After kernel version 2.4, the file descriptor result was changed, and Sendfile implemented a simpler way, once again reducing the Copy operation.

In Apache, Nginx, Lighttpd and other Web servers, there is a Sendfile-related configuration, the use of Sendfile can greatly improve file transfer performance.

Kafka stores all messages in a file. When consumers need data, Kafka sends the file directly to consumers. With mmap as a way to read and write files, Kafka sends it directly to Sendfile.

Batch compression

In many cases, the bottleneck of the system is not the CPU or disk, but the network IO, especially for data pipelines that need to send messages between data centers on the WAN.

Data compression consumes a small amount of CPU resources, but for Kafka, network IO should consider:

Because each message is compressed, but the compression ratio is relatively low, Kafka uses batch compression, which means that multiple messages are compressed together instead of a single message.

Kafka allows the use of recursive collections of messages, where batches of messages can be transmitted in compressed form and can be kept in a compressed format in the log until they are decompressed by consumers.

Kafka supports a variety of compression protocols, including Gzip and Snappy.

The secret of Kafka speed is that it turns all messages into a batch file, and carries out reasonable batch compression, reduces the loss of network IO, and improves the speed of mmap.

When writing data, a single Partion is added at the end, so the speed is * *; when reading data, it is output directly with Sendfile violence.
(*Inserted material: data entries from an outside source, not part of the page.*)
text \<open>A link accepted under complete information is accepted whatever is known, and a
  refusal under incomplete information persists as knowledge grows.\<close>
lemma link_agreed_complete_persists:
  assumes "worthwhile g" "conn_pairs N g \<subseteq> K" and ij: "i \<noteq> j" "i < N" "j < N"
    and "K \<subseteq> K'" and "link_agreed False K g i j = link_agreed True {} g i j"
  shows "link_agreed False K' g i j = link_agreed True {} g i j"
proof -
  have known': "conn_pairs N g \<subseteq> K'" using assms(2,6) by blast
  show ?thesis
  proof (cases "link_agreed True {} g i j")
    case True
    then show ?thesis
      using accepts_if_accepts_complete[OF assms(1) known' ij]
        accepts_if_accepts_complete[OF assms(1) known' ij(1)[symmetric] ij(3,2)]
      unfolding link_agreed_def by blast
  next
    case False
    then have "\<not> link_agreed False K g i j" using assms(7) by simp
    then show ?thesis
      using False accepts_antimono_knowledge[OF assms(1,2) ij assms(6)]
        accepts_antimono_knowledge[OF assms(1,2) ij(1)[symmetric] ij(3,2) assms(6)]
      unfolding link_agreed_def by blast
  qed
qed

lemma double_step_simulates_complete:
  assumes "worthwhile g" and known: "conn_pairs N g \<subseteq> K" and ij: "i \<noteq> j" "i < N" "j < N"
  obtains K'' where
    "step_game False (step_game False (g, K) (i, j)) (i, j) = (move True {} g i j, K'')"
    "K \<subseteq> K''" "conn_pairs N (move True {} g i j) \<subseteq> K''"
    "link_agreed False K'' g i j = link_agreed True {} g i j"
proof -
  define K' where "K' = K \<union> conn_pairs N (move False K g i j)"
  have first: "step_game False (g, K) (i, j) = (move False K g i j, K')"
    unfolding step_eq K'_def ..
  have agreed: "link_agreed False K' g i j = link_agreed True {} g i j"
  proof (cases "link_agreed False K g i j")
    case True
    then have "conn_pairs N (g \<union> {{i, j}}) \<subseteq> K'" unfolding K'_def move_def by auto
    moreover have "g \<union> {{j, i}} = g \<union> {{i, j}}" by auto
    ultimately show ?thesis
      using knows_component_if_conn_pairs ij accepts_eq_complete_if_knows_component
      unfolding link_agreed_def by metis
  next
    case False
    then have "\<not> link_agreed True {} g i j"
      using accepts_if_accepts_complete[OF assms(1,2) ij]
        accepts_if_accepts_complete[OF assms(1,2) ij(1)[symmetric] ij(3,2)]
      unfolding link_agreed_def by blast
    then show ?thesis
      using link_agreed_complete_persists[OF assms(1,2) ij, of K'] False unfolding K'_def by blast
  qed
  have second: "step_game False (move False K g i j, K') (i, j) =
      (move True {} g i j, K' \<union> conn_pairs N (move True {} g i j))"
    unfolding step_eq move_move using agreed by (simp add: move_def)
  show thesis
  proof (rule that)
    have "conn_pairs N g \<subseteq> K'" using known unfolding K'_def by blast
    then show "link_agreed False (K' \<union> conn_pairs N (move True {} g i j)) g i j =
        link_agreed True {} g i j"
      using link_agreed_complete_persists[OF assms(1) _ ij _ agreed] by blast
  qed (use first second in \<open>auto simp: K'_def\<close>)
qed

lemma fst_run_complete_indep: "fst (run_game True (g, K) \<gamma>) = fst (run_game True (g, K') \<gamma>)"
proof (induction \<gamma> arbitrary: g K K')
  case (Cons p \<gamma>)
  obtain i j where p: "p = (i, j)" by fastforce
  have "move True K g i j = move True K' g i j" by (rule move_complete_indep)
  then show ?case using Cons.IH by (simp add: p step_eq)
qed simp

lemma doubled_run_simulates_complete:
  assumes "valid_path N \<gamma>" "worthwhile g" "conn_pairs N g \<subseteq> K"
  obtains K' where "run_game False (g, K) (doubled \<gamma>) = (fst (run_game True (g, {}) \<gamma>), K')"
    "worthwhile (fst (run_game True (g, {}) \<gamma>))"
    "conn_pairs N (fst (run_game True (g, {}) \<gamma>)) \<subseteq> K'"
  using assms
proof (induction \<gamma> arbitrary: g K thesis)
  case Nil
  then show ?case by simp
next
  case (Cons p \<gamma>)
  obtain i j where p: "p = (i, j)" by fastforce
  have ij: "i \<noteq> j" "i < N" "j < N" and valid: "valid_path N \<gamma>"
    using Cons.prems(2) unfolding p valid_path_Cons by auto
  obtain K'' where K'': "step_game False (step_game False (g, K) (i, j)) (i, j) = (move True {} g i j, K'')"
    "conn_pairs N (move True {} g i j) \<subseteq> K''"
    using double_step_simulates_complete[OF Cons.prems(3,4) ij] by metis
  have complete: "fst (run_game True (g, {}) (p # \<gamma>)) = fst (run_game True (move True {} g i j, {}) \<gamma>)"
    unfolding p run_from_Cons step_eq by (rule fst_run_complete_indep)
  have incomplete: "run_game False (g, K) (doubled (p # \<gamma>)) =
      run_game False (move True {} g i j, K'') (doubled \<gamma>)"
    using K''(1) p by simp
  obtain K' where
      "run_game False (move True {} g i j, K'') (doubled \<gamma>) = (fst (run_game True (move True {} g i j, {}) \<gamma>), K')"
      "worthwhile (fst (run_game True (move True {} g i j, {}) \<gamma>))"
      "conn_pairs N (fst (run_game True (move True {} g i j, {}) \<gamma>)) \<subseteq> K'"
    using Cons.IH[OF _ valid worthwhile_move_complete[OF Cons.prems(3) ij] K''(2)] by blast
  then show ?case by (intro Cons.prems(1)) (simp_all only: incomplete complete)
qed

lemma doubled_run_learns_fixed_network:
  assumes "worthwhile g" and "valid_path N L"
    and "\<forall>(i, j)\<in>set L. move True {} g i j = g" and "conn_pairs N g \<subseteq> K"
  obtains K' where "run_game False (g, K) (doubled L) = (g, K')" "K \<subseteq> K'"
    "\<forall>(i, j)\<in>set L. link_agreed False K' g i j = link_agreed True {} g i j"
  using assms(2-)
proof (induction L arbitrary: K thesis)
  case Nil
  then show ?case by simp
next
  case (Cons p L)
  obtain i j where p: "p = (i, j)" by fastforce
  have ij: "i \<noteq> j" "i < N" "j < N" and valid: "valid_path N L"
    using Cons.prems(2) unfolding p valid_path_Cons by auto
  have fixed: "move True {} g i j = g" and fixed_rest: "\<forall>(i, j)\<in>set L. move True {} g i j = g"
    using Cons.prems(3) p by auto
  obtain K'' where K'': "step_game False (step_game False (g, K) (i, j)) (i, j) = (g, K'')"
    "K \<subseteq> K''" "conn_pairs N g \<subseteq> K''" "link_agreed False K'' g i j = link_agreed True {} g i j"
    using double_step_simulates_complete[OF assms(1) Cons.prems(4) ij] unfolding fixed by blast
  obtain K' where K': "run_game False (g, K'') (doubled L) = (g, K')" "K'' \<subseteq> K'"
    "\<forall>(i, j)\<in>set L. link_agreed False K' g i j = link_agreed True {} g i j"
    using Cons.IH[OF _ valid fixed_rest K''(3)] by blast
  have "link_agreed False K' g i j = link_agreed True {} g i j"
    using link_agreed_complete_persists[OF assms(1) K''(3) ij K'(2) K''(4)] .
  moreover have "run_game False (g, K) (doubled (p # L)) = (g, K')"
    using K''(1) K'(1) p by simp
  moreover have "K \<subseteq> K'" using K''(2) K'(2) by blast
  ultimately show ?case using Cons.prems(1) K'(3) p by simp
qed

lemma doubled_run_simulates_complete_from_empty:
  assumes "valid_path N \<gamma>"
  obtains K' where "run False N f c \<delta> E kappa (doubled \<gamma>) = (fst (run True N f c \<delta> E kappa \<gamma>), K')"
    "worthwhile (fst (run True N f c \<delta> E kappa \<gamma>))"
    "conn_pairs N (fst (run True N f c \<delta> E kappa \<gamma>)) \<subseteq> K'"
  using doubled_run_simulates_complete[where K = "{}", OF assms worthwhile_empty conn_pairs_empty_subset]
  unfolding run_def by blast

lemma emerge_complete_subset_incomplete:
  "emerge True N f c \<delta> E kappa \<subseteq> emerge False N f c \<delta> E kappa"
proof
  fix g assume "g \<in> emerge True N f c \<delta> E kappa"
  then obtain \<gamma> where \<gamma>: "valid_path N \<gamma>" "g = fst (run True N f c \<delta> E kappa \<gamma>)"
    unfolding emerge_def by blast
  obtain K' where "run False N f c \<delta> E kappa (doubled \<gamma>) = (g, K')"
    using doubled_run_simulates_complete_from_empty[OF \<gamma>(1)] \<gamma>(2) by blast
  then show "g \<in> emerge False N f c \<delta> E kappa"
    using emergeI \<gamma>(1) valid_path_doubled by blast
qed

lemma converge_complete_subset_incomplete:
  "converge True N f c \<delta> E kappa \<subseteq> converge False N f c \<delta> E kappa"
proof
  fix g assume "g \<in> converge True N f c \<delta> E kappa"
  then obtain \<gamma> where \<gamma>: "valid_path N \<gamma>" "g = fst (run True N f c \<delta> E kappa \<gamma>)"
      and stable_complete: "net_stable True N f c \<delta> E kappa (run True N f c \<delta> E kappa \<gamma>)"
    unfolding converge_def by blast
  obtain K' where K': "run False N f c \<delta> E kappa (doubled \<gamma>) = (g, K')" "worthwhile g"
      "conn_pairs N g \<subseteq> K'"
    using doubled_run_simulates_complete_from_empty[OF \<gamma>(1)] unfolding \<gamma>(2)[symmetric] by blast
  have fixed_complete: "move True {} g i j = g" if "i \<noteq> j" "i < N" "j < N" for i j
  proof -
    define K0 where "K0 = snd (run True N f c \<delta> E kappa \<gamma>)"
    have "run True N f c \<delta> E kappa \<gamma> = (g, K0)" unfolding K0_def \<gamma>(2) by simp
    then have "move True K0 g i j = g"
      using net_stable_step_fixed[OF stable_complete that] by (simp add: step_eq)
    then show ?thesis using move_complete_indep by metis
  qed
  then have "\<forall>(i, j)\<in>set (all_pairs N). move True {} g i j = g"
    unfolding set_all_pairs by blast
  then obtain K'' where K'': "run_game False (g, K') (doubled (all_pairs N)) = (g, K'')" "K' \<subseteq> K''"
      "\<forall>(i, j)\<in>set (all_pairs N). link_agreed False K'' g i j = link_agreed True {} g i j"
    using doubled_run_learns_fixed_network[OF K'(2) valid_path_all_pairs _ K'(3)] by blast
  have "step_game False (g, K'') (i, j) = (g, K'')" if "i \<noteq> j" "i < N" "j < N" for i j
  proof -
    have "link_agreed False K'' g i j = link_agreed True {} g i j"
      using K''(3) that unfolding set_all_pairs by blast
    then have "move False K'' g i j = g"
      using fixed_complete[OF that] unfolding move_def by simp
    moreover have "conn_pairs N g \<subseteq> K''" using K'(3) K''(2) by blast
    ultimately show ?thesis unfolding step_eq by (simp add: Un_absorb2)
  qed
  then have "net_stable False N f c \<delta> E kappa (g, K'')" by (rule net_stable_if_steps_fixed)
  moreover have "run False N f c \<delta> E kappa (doubled \<gamma> @ doubled (all_pairs N)) = (g, K'')"
    using K'(1) K''(1) unfolding run_def run_from_append by simp
  moreover have "valid_path N (doubled \<gamma> @ doubled (all_pairs N))"
    using \<gamma>(1) valid_path_all_pairs by (simp add: valid_path_append valid_path_doubled)
  ultimately show "g \<in> converge False N f c \<delta> E kappa" using convergeI by blast
qed

end

end

theorem theorem1:
  fixes N :: nat and H :: "'x measure" and f :: "'x \<Rightarrow> real"
    and c \<delta> :: real and kappa :: "nat \<Rightarrow> 'x"
  assumes "N \<ge> 2"
    and "prob_space H"
    and "\<forall>x\<in>space H. f x > 0"
    and "integrable H f"
    and "c > 0" and "0 < \<delta>" and "\<delta> < 1"
    and "\<forall>i<N. kappa i \<in> space H"
  shows "((integral\<^sup>L H f) < c \<longrightarrow>
            emerge False N f c \<delta> (integral\<^sup>L H f) kappa = {{}} \<and>
            converge False N f c \<delta> (integral\<^sup>L H f) kappa = {{}})
       \<and> ((integral\<^sup>L H f) \<ge> c \<longrightarrow>
            emerge True N f c \<delta> (integral\<^sup>L H f) kappa \<subseteq> emerge False N f c \<delta> (integral\<^sup>L H f) kappa \<and>
            converge True N f c \<delta> (integral\<^sup>L H f) kappa \<subseteq> converge False N f c \<delta> (integral\<^sup>L H f) kappa)"
proof -
  interpret network_game N f c \<delta> "integral\<^sup>L H f" kappa
    by unfold_locales (use assms in auto)
  show ?thesis
  proof (intro conjI impI)
    assume "integral\<^sup>L H f < c"
    then show "emerge False N f c \<delta> (integral\<^sup>L H f) kappa = {{}}"
      "converge False N f c \<delta> (integral\<^sup>L H f) kappa = {{}}"
      by (rule emerge_converge_if_prior_below_cost)+
  next
    assume "c \<le> integral\<^sup>L H f"
    then show "emerge True N f c \<delta> (integral\<^sup>L H f) kappa \<subseteq> emerge False N f c \<delta> (integral\<^sup>L H f) kappa"
      "converge True N f c \<delta> (integral\<^sup>L H f) kappa \<subseteq> converge False N f c \<delta> (integral\<^sup>L H f) kappa"
      by (rule emerge_complete_subset_incomplete converge_complete_subset_incomplete)+
  qed
qed

end
(* Let $M$ be a path-connected pre-$\Delta$-monoid with identity $e$. If $M$ does not have well-defined infinite $\pi_1$-products at $e$, then $M$ does not have well-defined infinite $\pi_1$-products at any of its points.
   Context: A pre-$\Delta$-monoid is a space $M$ with an associative operation $\ast$ with identity $e$ such that for any continuous paths $\alpha,\beta:[0,1]\to M$, the pointwise product $t\mapsto\alpha(t)\ast\beta(t)$ is continuous. A sequence of loops $\alpha_n\in\Omega(X,x)$ is a null-sequence if every neighborhood of $x$ contains $\mathrm{Im}(\alpha_n)$ for all but finitely many $n$; its infinite concatenation $\prod_{n=1}^\infty\alpha_n$ is the loop equal to (a linear reparametrization of) $\alpha_n$ on $[\frac{n-1}{n},\frac{n}{n+1}]$ and sending $1$ to $x$. $X$ has well-defined infinite $\pi_1$-products at $x$ if for all null-sequences $\alpha_n,\beta_n\in\Omega(X,x)$ with $\alpha_n\simeq\beta_n$ (path-homotopic) for every $n$, we have $\prod_{n=1}^\infty\alpha_n\simeq\prod_{n=1}^\infty\beta_n$. *)

theory Defs
  imports "HOL-Analysis.Analysis"
begin
lemma window_sum_bound:
  fixes d :: int and x :: real
  assumes x: "0 < x" and d: "0 \<le> d - 1" and dx: "real_of_int (d - 1) \<le> x / 2"
  shows "\<bar>(\<Sum>k\<in>{Kfun (d - 1) x - d + 1<..Kfun (d - 1) x}.
            (real_of_int d)\<^sup>2 * real_of_int \<lfloor>x / real_of_int k\<rfloor>
            + 2 * real_of_int d * x / real_of_int \<lfloor>x / real_of_int k\<rfloor>
            - x\<^sup>2 * Ffun (x / real_of_int k))
          - (8 * (real_of_int d)\<^sup>2 - 4 * real_of_int d - 1) / 3 * sqrt (real_of_int (d - 1) * x)\<bar>
    \<le> 233 * real_of_int d powr (7/2) * x powr (-1/2) + 2 * (real_of_int d)\<^sup>2"
proof -
  define D where "D = real_of_int (d - 1)"
  define I where "I = {Kfun (d - 1) x - d + 1<..Kfun (d - 1) x}"
  define s where "s = sqrt (x / D)"
  define T where "T k = (real_of_int d)\<^sup>2 * real_of_int \<lfloor>x / real_of_int k\<rfloor>
            + 2 * real_of_int d * x / real_of_int \<lfloor>x / real_of_int k\<rfloor>
            - x\<^sup>2 * Ffun (x / real_of_int k)" for k
  define c where "c = (8 * (real_of_int d)\<^sup>2 - 4 * real_of_int d - 1) / 3"
  have D: "0 \<le> D" and x2D: "2 * (d - 1) \<le> x"
    using d dx by (simp_all add: D_def)
  have card_I: "real (card I) = D"
    using d by (simp add: I_def D_def)
  have sqrt_eq: "sqrt (D * x) = D * s"
  proof (cases "D = 0")
    case False
    then have "sqrt (D * x) = sqrt (D\<^sup>2 * (x / D))"
      by (simp add: power2_eq_square)
    also have "\<dots> = D * s"
      unfolding real_sqrt_mult s_def using d by (simp add: D_def)
    finally show ?thesis .
  qed simp
  have d_eq: "D + 1 = real_of_int d"
    by (simp add: D_def)
  have coef: "(real_of_int d)\<^sup>2 + 2 * real_of_int d * D - D\<^sup>2 / 3 = c"
    by (simp add: c_def D_def field_simps power2_eq_square)
  have summand: "\<bar>T k - s * c\<bar> \<le> 2 + 233 * D\<^sup>2 / s" if k: "k \<in> I" for k
  proof -
    have "1 \<le> d - 1" and "k \<in> {Kfun (d - 1) x - (d - 1)<..Kfun (d - 1) x}"
      using k by (auto simp: I_def)
    from summand_deviation_bound[OF this(1) x2D this(2)]
    show ?thesis
      unfolding T_def by (simp only: D_def[symmetric] s_def[symmetric] d_eq coef)
  qed
  have "\<bar>(\<Sum>k\<in>I. T k) - c * (D * s)\<bar> = \<bar>\<Sum>k\<in>I. (T k - s * c)\<bar>"
    by (simp add: sum_subtractf card_I mult_ac)
  also have "\<dots> \<le> (\<Sum>k\<in>I. 2 + 233 * D\<^sup>2 / s)"
    using summand by (intro order.trans[OF sum_abs sum_mono])
  also have "\<dots> = D * (2 + 233 * D\<^sup>2 / s)"
    by (simp add: card_I)
  also have "\<dots> \<le> 233 * real_of_int d powr (7/2) * x powr (-1/2) + 2 * (real_of_int d)\<^sup>2"
    using deviation_le_powr[OF D x] unfolding s_def d_eq .
  finally show ?thesis
    unfolding I_def[symmetric] D_def[symmetric] sqrt_eq T_def[symmetric] c_def[symmetric] s_def[symmetric] .
qed

theorem proposition9:
  "\<exists>C1 C2::real. \<forall>(d::int) (x::real).
     x > 0 \<and> 0 \<le> d - 1 \<and> real_of_int (d - 1) \<le> x / 2 \<longrightarrow>
     \<bar>(\<Sum>k\<in>{Kfun (d - 1) x - d + 1<..Kfun (d - 1) x}.
          (real_of_int d)\<^sup>2 * real_of_int \<lfloor>x / real_of_int k\<rfloor>
          + 2 * real_of_int d * x / real_of_int \<lfloor>x / real_of_int k\<rfloor>
          - x\<^sup>2 * Ffun (x / real_of_int k))
       - (8 * (real_of_int d)\<^sup>2 - 4 * real_of_int d - 1) / 3 * sqrt (real_of_int (d - 1) * x)\<bar>
     \<le> C1 * real_of_int d powr (7/2) * x powr (-1/2) + C2 * (real_of_int d)\<^sup>2"
  by (rule exI[of _ 233], rule exI[of _ 2]) (blast intro: window_sum_bound)

end
lemma correction_ratio_merge:
  "correction_ratio w (Suc k) (merge (noise_coords k) (layer_coords k) (x, y))
 = correction_ratio w k x * (\<Prod>c\<in>layer_coords k. normal_ratio s (correction A' w x c) (y c))"
proof -
  define z where "z = merge (noise_coords k) (layer_coords k) (x, y)"
  have corr: "correction A' w z c = correction A' w x c" if "c \<in> noise_coords (Suc k)" for c
  proof -
    obtain l i j where c: "c = (l, i, j)" by (cases c) auto
    have "l \<le> k" using that by (simp add: c noise_coords_def)
    then show ?thesis unfolding c z_def
      by (intro correction_cong) (auto simp: noise_coords_def merge_def)
  qed
  have "correction_ratio w (Suc k) z
      = (\<Prod>c\<in>noise_coords k. normal_ratio s (correction A' w z c) (z c))
        * (\<Prod>c\<in>layer_coords k. normal_ratio s (correction A' w z c) (z c))"
    unfolding correction_ratio_def noise_coords_Suc by (rule prod.union_disjoint) auto
  also have "\<dots> = correction_ratio w k x * (\<Prod>c\<in>layer_coords k. normal_ratio s (correction A' w x c) (y c))"
  proof -
    have "z c = x c" if "c \<in> noise_coords k" for c using that by (simp add: z_def merge_def)
    moreover have layer: "c \<notin> noise_coords k" if "c \<in> layer_coords k" for c
      using that by (auto simp: noise_coords_def layer_coords_def)
    moreover have "z c = y c" if "c \<in> layer_coords k" for c
      using that layer by (auto simp: z_def merge_def)
    ultimately show ?thesis
      unfolding correction_ratio_def
      by (intro arg_cong2[where f="(*)"] prod.cong) (auto simp: corr noise_coords_Suc)
  qed
  finally show ?thesis unfolding z_def .
qed

lemma noise_measure_Suc:
  "noise_measure (Suc k)
 = distr (noise_measure k \<Otimes>\<^sub>M layer_noise k) (noise_measure (Suc k)) (merge (noise_coords k) (layer_coords k))"
proof -
  interpret product_prob_space "\<lambda>_::nat \<times> nat \<times> nat. normal_measure s"
    by (rule product_prob_spaceI) (rule prob_space_normal_measure[OF s])
  show ?thesis
    unfolding noise_measure_def layer_noise_def noise_coords_Suc by (rule distr_merge[symmetric]) auto
qed

lemma measurable_layer_shift:
  "(\<lambda>(x, y). restrict (\<lambda>c. y c + correction A' w x c) (layer_coords k))
     \<in> noise_measure k \<Otimes>\<^sub>M layer_noise k \<rightarrow>\<^sub>M layer_noise k"
  unfolding layer_noise_def split_beta'
proof (rule measurable_restrict)
  fix c
  have fst_comp: "(\<lambda>z. fst z c') \<in> borel_measurable (noise_measure k \<Otimes>\<^sub>M layer_noise k)" for c'
    unfolding noise_measure_def by (rule measurable_compose[OF measurable_fst PiM_normal_component])
  have "(\<lambda>z. correction A' w (fst z) c) \<in> borel_measurable (noise_measure k \<Otimes>\<^sub>M layer_noise k)"
    by (rule borel_measurable_correction[where W="\<lambda>_. w", OF fst_comp borel_measurable_const])
  moreover have "(\<lambda>z. snd z c) \<in> borel_measurable (noise_measure k \<Otimes>\<^sub>M layer_noise k)"
    unfolding layer_noise_def by (rule measurable_compose[OF measurable_snd PiM_normal_component])
  ultimately show "(\<lambda>z. snd z c + correction A' w (fst z) c)
      \<in> noise_measure k \<Otimes>\<^sub>M PiM (layer_coords k) (\<lambda>_. normal_measure s) \<rightarrow>\<^sub>M normal_measure s"
    unfolding measurable_cong_sets[OF refl sets_normal_measure] layer_noise_def[symmetric]
    by (rule borel_measurable_add[rotated])
qed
After reading the above, have you mastered why Kafka is written so fast? If you want to learn more skills or want to know more about it, you are welcome to follow the industry information channel, thank you for reading!

Welcome to subscribe "Shulou Technology Information " to get latest news, interesting things and hot topics in the IT industry, and controls the hottest and latest Internet news, technology news and IT industry trends.

*The comments in the above article only represent the author's personal views and do not represent the views and positions of this website. If you have more insights, please feel free to contribute and share.